TASK REQUIREMENTS
Print the data that follows exactly as it stands, from its first line through the line containing "(snd p)) \<in>", and stop there.

-- DATA FOR ANALYSIS follows --

section \<open>The mean-distance inequality\<close>

lemma mean_dist_less:
  fixes m :: "'a::metric_space measure" and x y :: 'a
  assumes compact: "compact (UNIV :: 'a set)"
    and borel: "sets m = sets borel"
    and prob: "prob_space m"
    and full_support: "\<And>x r. r > 0 \<Longrightarrow> measure m (ball x r) > 0"
    and "x \<noteq> y" and short: "dist x y < diameter (UNIV :: 'a set)"
  shows "(\<integral>p. dist (fst p) (snd p) \<partial>(m \<Otimes>\<^sub>M m))
           < (1 - measure (m \<Otimes>\<^sub>M m) {p. fst p = snd p}) * diameter (UNIV :: 'a set)"
proof -
  define D where "D = diameter (UNIV :: 'a set)"
  define M2 where "M2 = m \<Otimes>\<^sub>M m"
  define \<Delta> where "\<Delta> = {p :: 'a \<times> 'a. fst p = snd p}"
  interpret m: prob_space m by (rule prob)
  interpret M2: prob_space M2 unfolding M2_def by (rule prob_space_pair[OF prob prob])
  have space_M2: "space M2 = UNIV"
    using sets_eq_imp_space_eq[OF borel] by (simp add: M2_def space_pair_measure)
  have sets_M2: "sets M2 = sets (borel \<Otimes>\<^sub>M borel)"
    unfolding M2_def by (rule sets_pair_measure_cong[OF borel borel])
  have dist_le: "dist u v \<le> D" for u v :: 'a
    unfolding D_def by (rule diameter_bounded_bound[OF compact_imp_bounded[OF compact]]) auto
  have dist_meas: "(\<lambda>p. dist (fst p) (snd p)) \<in> borel_measurable M2"
    using measurable_cong_sets[OF sets_M2 refl] borel_measurable_dist_pair[OF compact] by blast
  have diag: "\<Delta> \<in> sets M2"
    unfolding sets_M2 \<Delta>_def by (rule diagonal_in_sets_pair_borel[OF compact])
  then have off_diag: "UNIV - \<Delta> \<in> sets M2" using sets.compl_sets[of \<Delta> M2] space_M2 by simp

  define \<delta> where "\<delta> = (D - dist x y) / 3"
  define r where "r = min \<delta> (dist x y / 2)"
  define U where "U = ball x r"
  define V where "V = ball y r"
  have \<delta>_pos: "\<delta> > 0" and r_pos: "r > 0"
    using short \<open>x \<noteq> y\<close> by (simp_all add: \<delta>_def r_def D_def)
  have UV_gap: "dist u v \<le> D - \<delta> \<and> u \<noteq> v" if "u \<in> U" "v \<in> V" for u v
  proof -
    have "dist x u < r" "dist y v < r" using that by (auto simp: U_def V_def)
    note dist_between_balls[OF this]
    moreover have "r \<le> \<delta>" "r \<le> dist x y / 2" unfolding r_def by simp_all
    moreover have "3 * \<delta> = D - dist x y" unfolding \<delta>_def by simp
    ultimately have "dist u v < D - \<delta>" "0 < dist u v" by linarith+
    then show ?thesis by auto
  qed

  define g where "g p = D * indicator (UNIV - \<Delta>) p - dist (fst p) (snd p)" for p :: "'a \<times> 'a"
  have dist_int: "integrable M2 (\<lambda>p. dist (fst p) (snd p))"
    by (rule M2.integrable_const_bound[where B = D]) (use dist_le dist_meas in auto)
  have ind_int: "integrable M2 (indicator (UNIV - \<Delta>) :: _ \<Rightarrow> real)"
    using off_diag by (simp add: less_top[symmetric])
  have "integral\<^sup>L M2 g = D * measure M2 (UNIV - \<Delta>) - (\<integral>p. dist (fst p) (snd p) \<partial>M2)"
    unfolding g_def using ind_int dist_int space_M2 by simp
  also have "measure M2 (UNIV - \<Delta>) = 1 - measure M2 \<Delta>"
    using M2.prob_compl[OF diag] space_M2 by simp
  finally have int_g: "integral\<^sup>L M2 g
      = (1 - measure M2 \<Delta>) * D - (\<integral>p. dist (fst p) (snd p) \<partial>M2)"
    by (simp add: algebra_simps)

  have UV_sets: "U \<times> V \<in> sets M2" unfolding sets_M2 U_def V_def by simp
  have "emeasure M2 (U \<times> V) = emeasure m U * emeasure m V"
    unfolding M2_def by (rule m.emeasure_pair_measure_Times) (auto simp: borel U_def V_def)
  then have "measure M2 (U \<times> V) = measure m U * measure m V"
    by (simp add: M2.emeasure_eq_measure m.emeasure_eq_measure ennreal_mult'[symmetric])
  then have UV_pos: "measure M2 (U \<times> V) > 0"
    using full_support[OF r_pos] by (simp add: U_def V_def)
  have "\<delta> * measure M2 (U \<times> V) = (\<integral>p. \<delta> * indicator (U \<times> V) p \<partial>M2)"
    using UV_sets space_M2 by simp
  also have "\<dots> \<le> integral\<^sup>L M2 g"
  proof (rule integral_mono)
    show "integrable M2 (\<lambda>p. \<delta> * indicator (U \<times> V) p)"
      using UV_sets by (simp add: less_top[symmetric])
    show "integrable M2 g" unfolding g_def using ind_int dist_int by simp
    show "\<delta> * indicator (U \<times> V) p \<le> g p" for p
      using UV_gap[of "fst p" "snd p"] dist_le[of "fst p" "snd p"] \<delta>_pos
      by (cases "p \<in> U \<times> V") (auto simp: g_def \<Delta>_def indicator_def mem_Times_iff)
  qed
  finally show ?thesis
    using int_g mult_pos_pos[OF \<delta>_pos UV_pos] by (simp add: M2_def \<Delta>_def D_def)
qed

-- DATA FOR ANALYSIS concluded --

THE ANSWER
section \<open>The mean-distance inequality\<close>

lemma mean_dist_less:
  fixes m :: "'a::metric_space measure" and x y :: 'a
  assumes compact: "compact (UNIV :: 'a set)"
    and borel: "sets m = sets borel"
    and prob: "prob_space m"
    and full_support: "\<And>x r. r > 0 \<Longrightarrow> measure m (ball x r) > 0"
    and "x \<noteq> y" and short: "dist x y < diameter (UNIV :: 'a set)"
  shows "(\<integral>p. dist (fst p) (snd p) \<partial>(m \<Otimes>\<^sub>M m))
           < (1 - measure (m \<Otimes>\<^sub>M m) {p. fst p = snd p}) * diameter (UNIV :: 'a set)"
proof -
  define D where "D = diameter (UNIV :: 'a set)"
  define M2 where "M2 = m \<Otimes>\<^sub>M m"
  define \<Delta> where "\<Delta> = {p :: 'a \<times> 'a. fst p = snd p}"
  interpret m: prob_space m by (rule prob)
  interpret M2: prob_space M2 unfolding M2_def by (rule prob_space_pair[OF prob prob])
  have space_M2: "space M2 = UNIV"
    using sets_eq_imp_space_eq[OF borel] by (simp add: M2_def space_pair_measure)
  have sets_M2: "sets M2 = sets (borel \<Otimes>\<^sub>M borel)"
    unfolding M2_def by (rule sets_pair_measure_cong[OF borel borel])
  have dist_le: "dist u v \<le> D" for u v :: 'a
    unfolding D_def by (rule diameter_bounded_bound[OF compact_imp_bounded[OF compact]]) auto
  have dist_meas: "(\<lambda>p. dist (fst p) (snd p)) \<in> borel_measurable M2"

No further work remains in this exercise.